The latency or delay time is a significant metric to assess the proposed routing methodology EERM efficiency. The end-to-end delay time is the average time required for data packet transmission between two nodes over the network. It can be defined as the time taken by sending a data packet from the source node to successfully arrive at the receiver node including delays/latency due to route acquisition, processing, buffering, and reservations [39]. In Fig. 12a, the x-axis represents the vehicle’s speeds vary from 15 to 85 Mph, while the y-axis represents the average end-to-end delay time of data packet transmission. This figure shows the comparison between the VANET performance in the case of using EERM and without using it. The EERM has obviously outperformed the traditional system because the EERM can adjust the packet size transmission over the network, as well as enhances the communication channel via providing high link quality.

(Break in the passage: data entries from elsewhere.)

(* Let $(X,\{R_i\}_{i=0}^d)$ be a symmetric association scheme with adjacency matrices $A_0=I,\dots,A_d$ and intersection numbers $p_{ij}^k$, and let $W=\sum_{i=0}^dw_iA_i$ with $w_0=1$ be a complex Hadamard matrix. If $|X|\geq3$, then \[ H_3(W)=\{1\}\cup\left\{\left(\frac{w_iw_j}{w_k}\right)^{\pm1}\;\middle|\;1\leq i,j,k\leq d,\ p_{ij}^k>0\right\}. \]
   Context: An association scheme $(X,\{R_i\}_{i=0}^d)$ is a partition of $X\times X$ into relations $R_0=\{(x,x)\}$, $R_1,\dots,R_d$ such that for $(x,y)\in R_k$ the number $p_{ij}^k=|\{z\in X:(x,z)\in R_i,(z,y)\in R_j\}|$ depends only on $i,j,k$; it is symmetric if each $R_i$ is symmetric. $A_i$ is the $(0,1)$-matrix indexed by $X$ of $R_i$. A complex Hadamard matrix is a square complex matrix $H$ of order $n=|X|$ with entries of absolute value $1$ and $HH^*=nI$. For $W$ indexed by $X$, \[ H_3(W)=\left\{\frac{W_{x_1,y_1}W_{x_2,y_2}}{W_{x_2,y_1}W_{x_1,y_2}}\;\middle|\;x_1,x_2,y_1,y_2\in X,\ |\{x_1,x_2,y_1,y_2\}|=3\right\}. \] *)

theory Defs
  imports Complex_Main
begin

definition assoc_scheme :: "'a set \<Rightarrow> nat \<Rightarrow> (nat \<Rightarrow> ('a \<times> 'a) set) \<Rightarrow> bool" where
  "assoc_scheme X d R \<longleftrightarrow>
     finite X \<and> X \<noteq> {} \<and>
     R 0 = {(x, x) | x. x \<in> X} \<and>
     (\<forall>i\<le>d. R i \<noteq> {} \<and> R i \<subseteq> X \<times> X) \<and>
     (\<forall>i\<le>d. \<forall>j\<le>d. i \<noteq> j \<longrightarrow> R i \<inter> R j = {}) \<and>
     (\<Union>i\<le>d. R i) = X \<times> X \<and>
     (\<forall>i\<le>d. \<forall>j\<le>d. \<forall>k\<le>d. \<exists>p. \<forall>(x, y) \<in> R k.
        card {z \<in> X. (x, z) \<in> R i \<and> (z, y) \<in> R j} = p)"

definition symmetric_assoc_scheme :: "'a set \<Rightarrow> nat \<Rightarrow> (nat \<Rightarrow> ('a \<times> 'a) set) \<Rightarrow> bool" where
  "symmetric_assoc_scheme X d R \<longleftrightarrow>
     assoc_scheme X d R \<and> (\<forall>i\<le>d. \<forall>(x, y) \<in> R i. (y, x) \<in> R i)"

definition inter_num :: "'a set \<Rightarrow> (nat \<Rightarrow> ('a \<times> 'a) set) \<Rightarrow> nat \<Rightarrow> nat \<Rightarrow> nat \<Rightarrow> nat" where
  "inter_num X R i j k =
     (let (x, y) = (SOME xy. xy \<in> R k) in card {z \<in> X. (x, z) \<in> R i \<and> (z, y) \<in> R j})"

definition adj :: "(nat \<Rightarrow> ('a \<times> 'a) set) \<Rightarrow> nat \<Rightarrow> 'a \<Rightarrow> 'a \<Rightarrow> complex" where
  "adj R i x y = (if (x, y) \<in> R i then 1 else 0)"

definition complex_hadamard :: "'a set \<Rightarrow> ('a \<Rightarrow> 'a \<Rightarrow> complex) \<Rightarrow> bool" where
  "complex_hadamard X H \<longleftrightarrow>
     (\<forall>x\<in>X. \<forall>y\<in>X. cmod (H x y) = 1) \<and>
     (\<forall>x\<in>X. \<forall>y\<in>X. (\<Sum>z\<in>X. H x z * cnj (H y z)) = (if x = y then of_nat (card X) else 0))"

definition H3 :: "'a set \<Rightarrow> ('a \<Rightarrow> 'a \<Rightarrow> complex) \<Rightarrow> complex set" where
  "H3 X W = {W x1 y1 * W x2 y2 / (W x2 y1 * W x1 y2) | x1 x2 y1 y2.
      x1 \<in> X \<and> x2 \<in> X \<and> y1 \<in> X \<and> y2 \<in> X \<and> card {x1, x2, y1, y2} = 3}"

end

theory Submission
  imports Defs
begin

text \<open>Only three distinct points occur in an element of H3, and the diagonal of W is 1;
  hence every such element is a triangle ratio W(a,b) W(b,e) / W(a,e) over three distinct
  points, or its inverse, or 1. In W every entry on a pair of class R i equals w i, so a
  triangle ratio is w i w j / w k where the triangle witnesses p_ij^k > 0, and conversely
  p_ij^k > 0 provides such a triangle.\<close>

definition triangle_ratios :: "'a set \<Rightarrow> ('a \<Rightarrow> 'a \<Rightarrow> complex) \<Rightarrow> complex set" where
  "triangle_ratios X W = {W a b * W b e / W a e | a b e.
      a \<in> X \<and> b \<in> X \<and> e \<in> X \<and> distinct [a, b, e]}"

lemma card_four_eq_three_cases:
  assumes "card {x1, x2, y1, y2} = 3"
  obtains "x1 = x2" | "y1 = y2"
    | "x1 = y1" "distinct [x2, x1, y2]" | "x1 = y2" "distinct [x2, x1, y1]"
    | "x2 = y1" "distinct [x1, x2, y2]" | "x2 = y2" "distinct [x1, x2, y1]"
  using assms by (auto simp: card_insert_if split: if_splits)

lemma H3_subset_triangle_ratios:
  assumes diag: "\<And>x. x \<in> X \<Longrightarrow> W x x = 1"
    and nz: "\<And>x y. x \<in> X \<Longrightarrow> y \<in> X \<Longrightarrow> W x y \<noteq> 0"
  shows "H3 X W \<subseteq> {1} \<union> triangle_ratios X W \<union> inverse ` triangle_ratios X W"
proof
  fix c assume "c \<in> H3 X W"
  then obtain x1 x2 y1 y2 where X: "x1 \<in> X" "x2 \<in> X" "y1 \<in> X" "y2 \<in> X"
    and card: "card {x1, x2, y1, y2} = 3"
    and c: "c = W x1 y1 * W x2 y2 / (W x2 y1 * W x1 y2)"
    unfolding H3_def by blast
  note nz' = nz[OF X(1) X(3)] nz[OF X(1) X(4)] nz[OF X(2) X(3)] nz[OF X(2) X(4)]
  have ratio: "W a b * W b e / W a e \<in> triangle_ratios X W"
    if "a \<in> X" "b \<in> X" "e \<in> X" "distinct [a, b, e]" for a b e
    using that unfolding triangle_ratios_def by blast
  from card show "c \<in> {1} \<union> triangle_ratios X W \<union> inverse ` triangle_ratios X W"
  proof (cases rule: card_four_eq_three_cases)
    case 1 then show ?thesis using c nz' by simp
  next
    case 2 then show ?thesis using c nz' by simp
  next
    case 3
    have "c = inverse (W x2 x1 * W x1 y2 / W x2 y2)" using c 3 diag X by simp
    then show ?thesis using ratio[OF X(2,1,4) 3(2)] by blast
  next
    case 4
    have "c = W x2 x1 * W x1 y1 / W x2 y1" using c 4 diag X by (simp add: mult.commute)
    then show ?thesis using ratio[OF X(2,1,3) 4(2)] by blast
  next
    case 5
    have "c = W x1 x2 * W x2 y2 / W x1 y2" using c 5 diag X by simp
    then show ?thesis using ratio[OF X(1,2,4) 5(2)] by blast
  next
    case 6
    have "c = inverse (W x1 x2 * W x2 y1 / W x1 y1)" using c 6 diag X by (simp add: mult.commute)
    then show ?thesis using ratio[OF X(1,2,3) 6(2)] by blast
  qed
qed

lemma triangle_ratios_subset_H3:
  assumes diag: "\<And>x. x \<in> X \<Longrightarrow> W x x = 1"
  shows "triangle_ratios X W \<union> inverse ` triangle_ratios X W \<subseteq> H3 X W"
proof -
  have "W a b * W b e / W a e \<in> H3 X W" "inverse (W a b * W b e / W a e) \<in> H3 X W"
    if X: "a \<in> X" "b \<in> X" "e \<in> X" and "distinct [a, b, e]" for a b e
  proof -
    have "card {a, b, b, e} = 3" "card {b, a, b, e} = 3"
      using \<open>distinct [a, b, e]\<close> by (simp_all add: insert_commute)
    moreover have "W a b * W b e / W a e = W a b * W b e / (W b b * W a e)"
      "inverse (W a b * W b e / W a e) = W b b * W a e / (W a b * W b e)"
      using diag[OF X(2)] by simp_all
    ultimately show "W a b * W b e / W a e \<in> H3 X W" "inverse (W a b * W b e / W a e) \<in> H3 X W"
      using X unfolding H3_def by blast+
  qed
  then show ?thesis unfolding triangle_ratios_def by blast
qed

lemma one_in_H3:
  assumes nz: "\<And>x y. x \<in> X \<Longrightarrow> y \<in> X \<Longrightarrow> W x y \<noteq> 0" and "card X \<ge> 3"
  shows "1 \<in> H3 X W"
proof -
  obtain T where "T \<subseteq> X" "card T = 3" using obtain_subset_with_card_n[OF \<open>card X \<ge> 3\<close>] by blast
  then obtain a b e where X: "a \<in> X" "b \<in> X" "e \<in> X" and "card {a, a, b, e} = 3"
    unfolding card_3_iff by (metis insert_absorb2 insert_subset)
  moreover have "1 = W a b * W a e / (W a b * W a e)" using nz X by simp
  ultimately show ?thesis unfolding H3_def by blast
qed

lemma H3_eq_triangle_ratios:
  assumes "\<And>x. x \<in> X \<Longrightarrow> W x x = 1"
    and "\<And>x y. x \<in> X \<Longrightarrow> y \<in> X \<Longrightarrow> W x y \<noteq> 0"
    and "card X \<ge> 3"
  shows "H3 X W = {1} \<union> triangle_ratios X W \<union> inverse ` triangle_ratios X W"
  using H3_subset_triangle_ratios[of X W] triangle_ratios_subset_H3[of X W]
    one_in_H3[of X W] assms by blast

lemma assoc_scheme_pair_in_class:
  assumes "assoc_scheme X d R" "x \<in> X" "y \<in> X"
  obtains i where "i \<le> d" "(x, y) \<in> R i"
proof -
  have "(\<Union>i\<le>d. R i) = X \<times> X" using assms(1) unfolding assoc_scheme_def by blast
  then show ?thesis using assms(2,3) that by blast
qed

lemma assoc_scheme_class_subset:
  assumes "assoc_scheme X d R" "i \<le> d" "(x, y) \<in> R i"
  shows "x \<in> X" "y \<in> X"
  using assms unfolding assoc_scheme_def by blast+

lemma assoc_scheme_class_diagonal_iff:
  assumes "assoc_scheme X d R" "i \<le> d" "(x, y) \<in> R i"
  shows "x = y \<longleftrightarrow> i = 0"
proof -
  have R0: "R 0 = {(x, x) | x. x \<in> X}"
    and disj: "\<forall>i\<le>d. \<forall>j\<le>d. i \<noteq> j \<longrightarrow> R i \<inter> R j = {}"
    using assms(1) unfolding assoc_scheme_def by blast+
  show ?thesis
    using R0 disj[rule_format, of 0 i] assms(2,3) assoc_scheme_class_subset[OF assms] by blast
qed

lemma weighted_adj_sum_eq:
  assumes "assoc_scheme X d R" "i \<le> d" "(x, y) \<in> R i"
  shows "(\<Sum>j\<le>d. w j * adj R j x y) = w i"
proof -
  have "\<forall>i\<le>d. \<forall>j\<le>d. i \<noteq> j \<longrightarrow> R i \<inter> R j = {}"
    using assms(1) unfolding assoc_scheme_def by blast
  then have "w j * adj R j x y = (if j = i then w j else 0)" if "j \<le> d" for j
    using assms(2,3) that unfolding adj_def by auto
  then have "(\<Sum>j\<le>d. w j * adj R j x y) = (\<Sum>j\<le>d. if j = i then w j else 0)"
    by (intro sum.cong) auto
  then show ?thesis using assms(2) by simp
qed

lemma inter_num_eq:
  assumes "assoc_scheme X d R" "i \<le> d" "j \<le> d" "k \<le> d" "(x, y) \<in> R k"
  shows "inter_num X R i j k = card {z \<in> X. (x, z) \<in> R i \<and> (z, y) \<in> R j}"
proof -
  have "\<exists>p. \<forall>(x, y) \<in> R k. card {z \<in> X. (x, z) \<in> R i \<and> (z, y) \<in> R j} = p"
    using assms(1-4) unfolding assoc_scheme_def by blast
  then obtain p where p: "\<forall>(x, y) \<in> R k. card {z \<in> X. (x, z) \<in> R i \<and> (z, y) \<in> R j} = p" ..
  obtain a b where ab: "(SOME xy. xy \<in> R k) = (a, b)" by (metis surj_pair)
  have "(a, b) \<in> R k" using someI[of "\<lambda>xy. xy \<in> R k", OF assms(5)] ab by simp
  then have "inter_num X R i j k = p"
    using p ab unfolding inter_num_def by auto
  also have "p = card {z \<in> X. (x, z) \<in> R i \<and> (z, y) \<in> R j}"
    using p assms(5) by auto
  finally show ?thesis .
qed

lemma inter_num_pos_iff:
  assumes "assoc_scheme X d R" "i \<le> d" "j \<le> d" "k \<le> d" "(x, y) \<in> R k"
  shows "0 < inter_num X R i j k \<longleftrightarrow> (\<exists>z \<in> X. (x, z) \<in> R i \<and> (z, y) \<in> R j)"
proof -
  have "finite X" using assms(1) unfolding assoc_scheme_def by blast
  then show ?thesis using inter_num_eq[OF assms] by (auto simp: card_gt_0_iff)
qed

lemma triangle_ratios_assoc_scheme:
  assumes S: "assoc_scheme X d R" and W: "W = (\<lambda>x y. \<Sum>i\<le>d. w i * adj R i x y)"
  shows "triangle_ratios X W = {w i * w j / w k | i j k.
     1 \<le> i \<and> i \<le> d \<and> 1 \<le> j \<and> j \<le> d \<and> 1 \<le> k \<and> k \<le> d \<and> 0 < inter_num X R i j k}"
    (is "_ = ?T")
proof (intro equalityI subsetI)
  fix c assume "c \<in> triangle_ratios X W"
  then obtain a b e where X: "a \<in> X" "b \<in> X" "e \<in> X" and dist: "distinct [a, b, e]"
    and c: "c = W a b * W b e / W a e"
    unfolding triangle_ratios_def by blast
  obtain i where i: "i \<le> d" "(a, b) \<in> R i" using assoc_scheme_pair_in_class[OF S X(1,2)] .
  obtain j where j: "j \<le> d" "(b, e) \<in> R j" using assoc_scheme_pair_in_class[OF S X(2,3)] .
  obtain k where k: "k \<le> d" "(a, e) \<in> R k" using assoc_scheme_pair_in_class[OF S X(1,3)] .
  have "1 \<le> i" "1 \<le> j" "1 \<le> k"
    using assoc_scheme_class_diagonal_iff[OF S] i j k dist by fastforce+
  moreover have "0 < inter_num X R i j k"
    using inter_num_pos_iff[OF S i(1) j(1) k] X(2) i(2) j(2) by blast
  moreover have "c = w i * w j / w k"
    using c W weighted_adj_sum_eq[OF S] i j k by simp
  ultimately show "c \<in> ?T" using i j k by blast
next
  fix c assume "c \<in> ?T"
  then obtain i j k where ijk: "1 \<le> i" "i \<le> d" "1 \<le> j" "j \<le> d" "1 \<le> k" "k \<le> d"
    and p: "0 < inter_num X R i j k" and c: "c = w i * w j / w k" by blast
  have "R k \<noteq> {}" using S ijk(6) unfolding assoc_scheme_def by blast
  then obtain x y where xy: "(x, y) \<in> R k" by auto
  obtain z where z: "z \<in> X" "(x, z) \<in> R i" "(z, y) \<in> R j"
    using inter_num_pos_iff[OF S ijk(2,4,6) xy] p by blast
  have "distinct [x, z, y]"
    using assoc_scheme_class_diagonal_iff[OF S] ijk z xy by fastforce
  moreover have "c = W x z * W z y / W x y"
    using c W weighted_adj_sum_eq[OF S] ijk z xy by simp
  ultimately show "c \<in> triangle_ratios X W"
    using z(1) assoc_scheme_class_subset[OF S ijk(6) xy] unfolding triangle_ratios_def by blast
qed

theorem lemma5p1:
  fixes X :: "'a set" and d :: nat and R :: "nat \<Rightarrow> ('a \<times> 'a) set"
    and w :: "nat \<Rightarrow> complex" and W :: "'a \<Rightarrow> 'a \<Rightarrow> complex"
  assumes "symmetric_assoc_scheme X d R"
    and "W = (\<lambda>x y. \<Sum>i\<le>d. w i * adj R i x y)"
    and "w 0 = 1"
    and "complex_hadamard X W"
    and "card X \<ge> 3"
  shows "H3 X W = {1} \<union>
     {c | c i j k. 1 \<le> i \<and> i \<le> d \<and> 1 \<le> j \<and> j \<le> d \<and> 1 \<le> k \<and> k \<le> d \<and>
        inter_num X R i j k > 0 \<and>
        (c = w i * w j / w k \<or> c = inverse (w i * w j / w k))}"
proof -
  have S: "assoc_scheme X d R" using assms(1) unfolding symmetric_assoc_scheme_def by blast
  have diag: "W x x = 1" if "x \<in> X" for x
  proof -
    have "(x, x) \<in> R 0" using S that unfolding assoc_scheme_def by blast
    from weighted_adj_sum_eq[OF S le0 this] show ?thesis using assms(2,3) by simp
  qed
  have nz: "W x y \<noteq> 0" if "x \<in> X" "y \<in> X" for x y
    using assms(4) that unfolding complex_hadamard_def by fastforce
  have "H3 X W = {1} \<union> triangle_ratios X W \<union> inverse ` triangle_ratios X W"
    using diag nz assms(5) by (rule H3_eq_triangle_ratios)
  then show ?thesis
    unfolding triangle_ratios_assoc_scheme[OF S assms(2)] by blast
qed

end
section \<open>Square-integrable inputs\<close>

lemma L2_u0:
  fixes N :: "'m::finite \<Rightarrow> real^'n^'n" and u :: "real \<Rightarrow> real^'m"
  assumes "L2 u"
  shows "L2 (u0 N u)"
proof -
  define P :: "real^'m \<Rightarrow> real^'m" where "P v = (\<chi> k. if N k = 0 then 0 else v $ k)" for v
  have u0: "u0 N u = (\<lambda>s. P (u s))"
    unfolding u0_def P_def by simp
  have "linear P"
    by (rule linearI) (auto simp: P_def Finite_Cartesian_Product.vec_eq_iff)
  then have "continuous_on UNIV P"
    by (simp add: linear_continuous_on linear_conv_bounded_linear)
  moreover have "u \<in> borel_measurable (lebesgue_on {0..})"
    using assms unfolding L2_def by simp
  ultimately have measurable: "u0 N u \<in> borel_measurable (lebesgue_on {0..})"
    unfolding u0 by (rule borel_measurable_continuous_on)
  have norm_P: "norm (P v) \<le> norm v" for v
    by (rule norm_le_componentwise_cart) (auto simp: P_def)
  have "integrable (lebesgue_on {0..}) (\<lambda>s. (norm (u0 N u s))\<^sup>2)"
  proof (rule Bochner_Integration.integrable_bound)
    show "integrable (lebesgue_on {0..}) (\<lambda>s. (norm (u s))\<^sup>2)"
      using assms unfolding L2_def by simp
    show "(\<lambda>s. (norm (u0 N u s))\<^sup>2) \<in> borel_measurable (lebesgue_on {0..})"
      using measurable by measurable
    show "AE s in lebesgue_on {0..}. norm ((norm (u0 N u s))\<^sup>2) \<le> norm ((norm (u s))\<^sup>2)"
      unfolding u0 using norm_P by (auto intro!: power_mono)
  qed
  with measurable show ?thesis
    unfolding L2_def by simp
qed

lemma L2_absolutely_integrable_on_norm_sq:
  assumes "L2 w"
  shows "(\<lambda>r. (norm (w r))\<^sup>2) absolutely_integrable_on {0..}"
  using assms unfolding L2_def
  by (intro nonnegative_absolutely_integrable_1 integrable_on_lebesgue_on) auto

lemma L2_integrable_on_norm_sq:
  assumes "L2 w"
  shows "(\<lambda>r. (norm (w r))\<^sup>2) integrable_on {0..t}"
  using absolutely_integrable_on_subinterval[OF L2_absolutely_integrable_on_norm_sq[OF assms]]
  by (auto simp: absolutely_integrable_on_def)

lemma integral_norm_sq_le_L2norm_sq:
  assumes "L2 w"
  shows "integral {0..t} (\<lambda>r. (norm (w r))\<^sup>2) \<le> L2norm_sq w"
proof -
  have "integral {0..t} (\<lambda>r. (norm (w r))\<^sup>2) \<le> integral {0..} (\<lambda>r. (norm (w r))\<^sup>2)"
    using L2_integrable_on_norm_sq[OF assms] L2_absolutely_integrable_on_norm_sq[OF assms]
    by (intro integral_subset_le) (auto simp: absolutely_integrable_on_def)
  also have "\<dots> = L2norm_sq w"
    using assms unfolding L2_def L2norm_sq_def by (simp add: lebesgue_integral_eq_integral)
  finally show ?thesis .
qed

lemma L2_integrable_on_norm:
  assumes "L2 w"
  shows "(\<lambda>r. norm (w r)) integrable_on {0..t}"
proof (rule measurable_bounded_by_integrable_imp_integrable_real)
  have "w \<in> borel_measurable (lebesgue_on {0..})"
    using assms unfolding L2_def by simp
  then have "w \<in> borel_measurable (lebesgue_on {0..t})"
    by (rule measurable_restrict_mono) auto
  then show "(\<lambda>r. norm (w r)) \<in> borel_measurable (lebesgue_on {0..t})"
    by measurable
  show "(\<lambda>r. 1 + (norm (w r))\<^sup>2) integrable_on {0..t}"
    using L2_integrable_on_norm_sq[OF assms] by (intro integrable_add) auto
  show "\<bar>norm (w r)\<bar> \<le> 1 + (norm (w r))\<^sup>2" for r
  proof -
    have "0 \<le> (norm (w r) - 1)\<^sup>2"
      by simp
    then have "2 * norm (w r) \<le> (norm (w r))\<^sup>2 + 1"
      by (simp add: power2_diff)
    with norm_ge_zero[of "w r"] show ?thesis
      by linarith
  qed
qed simp

lemma integral_norm_le_L2norm_sq:
  assumes w: "L2 w" and c: "0 < c" and t: "0 \<le> t"
  shows "2 * \<beta> * integral {0..t} (\<lambda>r. norm (w r)) \<le> c * t + \<beta>\<^sup>2 / c * L2norm_sq w"
proof -
  have pointwise: "2 * \<beta> * norm (w r) \<le> c + \<beta>\<^sup>2 / c * (norm (w r))\<^sup>2" for r
  proof -
    have "0 \<le> (c - \<beta> * norm (w r))\<^sup>2 / c"
      using c by simp
    then show ?thesis
      using c by (simp add: power2_diff field_simps power_mult_distrib) (simp add: power2_eq_square)
  qed
  have "2 * \<beta> * integral {0..t} (\<lambda>r. norm (w r)) = integral {0..t} (\<lambda>r. 2 * \<beta> * norm (w r))"
    by simp
  also have "\<dots> \<le> integral {0..t} (\<lambda>r. c + \<beta>\<^sup>2 / c * (norm (w r))\<^sup>2)"
    by (rule integral_le[OF integrable_on_mult_right[OF L2_integrable_on_norm[OF w]]
        integrable_add[OF integrable_const_ivl integrable_on_mult_right[OF L2_integrable_on_norm_sq[OF w]]]
        pointwise])
  also have "\<dots> = integral {0..t} (\<lambda>r. c) + integral {0..t} (\<lambda>r. \<beta>\<^sup>2 / c * (norm (w r))\<^sup>2)"
    by (rule integral_add[OF integrable_const_ivl integrable_on_mult_right[OF L2_integrable_on_norm_sq[OF w]]])
  also have "\<dots> = c * t + \<beta>\<^sup>2 / c * integral {0..t} (\<lambda>r. (norm (w r))\<^sup>2)"
    using t by simp
  also have "\<dots> \<le> c * t + \<beta>\<^sup>2 / c * L2norm_sq w"
    using integral_norm_sq_le_L2norm_sq[OF w] c by (intro add_left_mono mult_left_mono) auto
  finally show ?thesis .
qed

section \<open>Decay of the bilinear system\<close>

definition bilinear_term :: "('m::finite \<Rightarrow> real^'n^'n) \<Rightarrow> real^'m \<Rightarrow> real^'n \<Rightarrow> real^'n" where
  "bilinear_term N w v = (\<Sum>k\<in>UNIV. (w $ k) *\<^sub>R (N k *v v))"

lemma bilinear_term_u0: "bilinear_term N (u0 N u s) v = bilinear_term N (u s) v"
  unfolding bilinear_term_def by (intro sum.cong) (auto simp: u0_def)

In Fig. 12b, the x-axis indicates vehicular network scale varies from 10 to 100 nodes, and the y-axis represents the average end-to-end delay. The EERM was compared with EMHR with BwEst [30], SFSR [12], and enhanced AODV [38] to prove the efficiency of the proposed routing methodology. Typically, the calculation of end-to-end delay time is dependent on the mean of delay time for all successful packets arrived at the destination, and thus the process of this metric is relatively linked to both packet delivery and packet loss ratio. This explains the reason why EERM was advanced in terms of delay time more than other compared algorithms. As shown in Fig. 12b, the first place was recorded by the EERM with 8% enhancement in delay time, while the EMHR with BwEst [30] was reached the second place with up to 7% over the SFSR [12], and enhanced AODV [38]. We observe that the performance of EERM is a stable event if the scale of the network is changed. Therefore, the EERM introduces better performance in reducing latency more than EMHR with BwEst, SFSR, and enhanced AODV.

Fig. 12
figure 12

End-to-end delay time of EERM vs. the vehicles speed was tested in figure (a). The performance of EERM comparison with other stare-of-the-art algorithms vs. the vehicles number was tested in figure (b)

7 Conclusion

This study presented a dynamic real-time interaction vehicle architecture with effective path estimation supporting the integration between SDN and fog technology as well as providing an energy-efficient and QoS-aware routing technique to get control of fast-frequently fragmentation, premature end of network lifetime, and network bandwidth usage in VANET. It will result in improved overall real-time performance and control of the data dissemination rate across vehicular networks. Recently, modern transportation systems posed new challenges related to employing information and communication technology to improve their services. Although exchanging up-to-date information has provided a successful model of intelligent automotive systems, it may raise a problem in network bandwidth, response time, and power consumption. The proposed SDNFoG-IoT architecture can overcome these mentioned problems using the integration of SDN and fog technology to put data transmission rate under control as well as demonstrating a new routing methodology with a mathematical model called EERM to guarantee link quality satisfactory VANET performance in terms of data packet delivery, power consumption, and network throughput. The superiority of the proposed SDNFoG-IoT architecture was investigated in the experimental results, whereby EERM can control routing overhead. Therefore, the EERM impacts both the data packet delivery and the packet loss rate as well as enhancing the whole power consumption and network throughput with a 50% to 60% more than other state-of-the-art routing algorithms.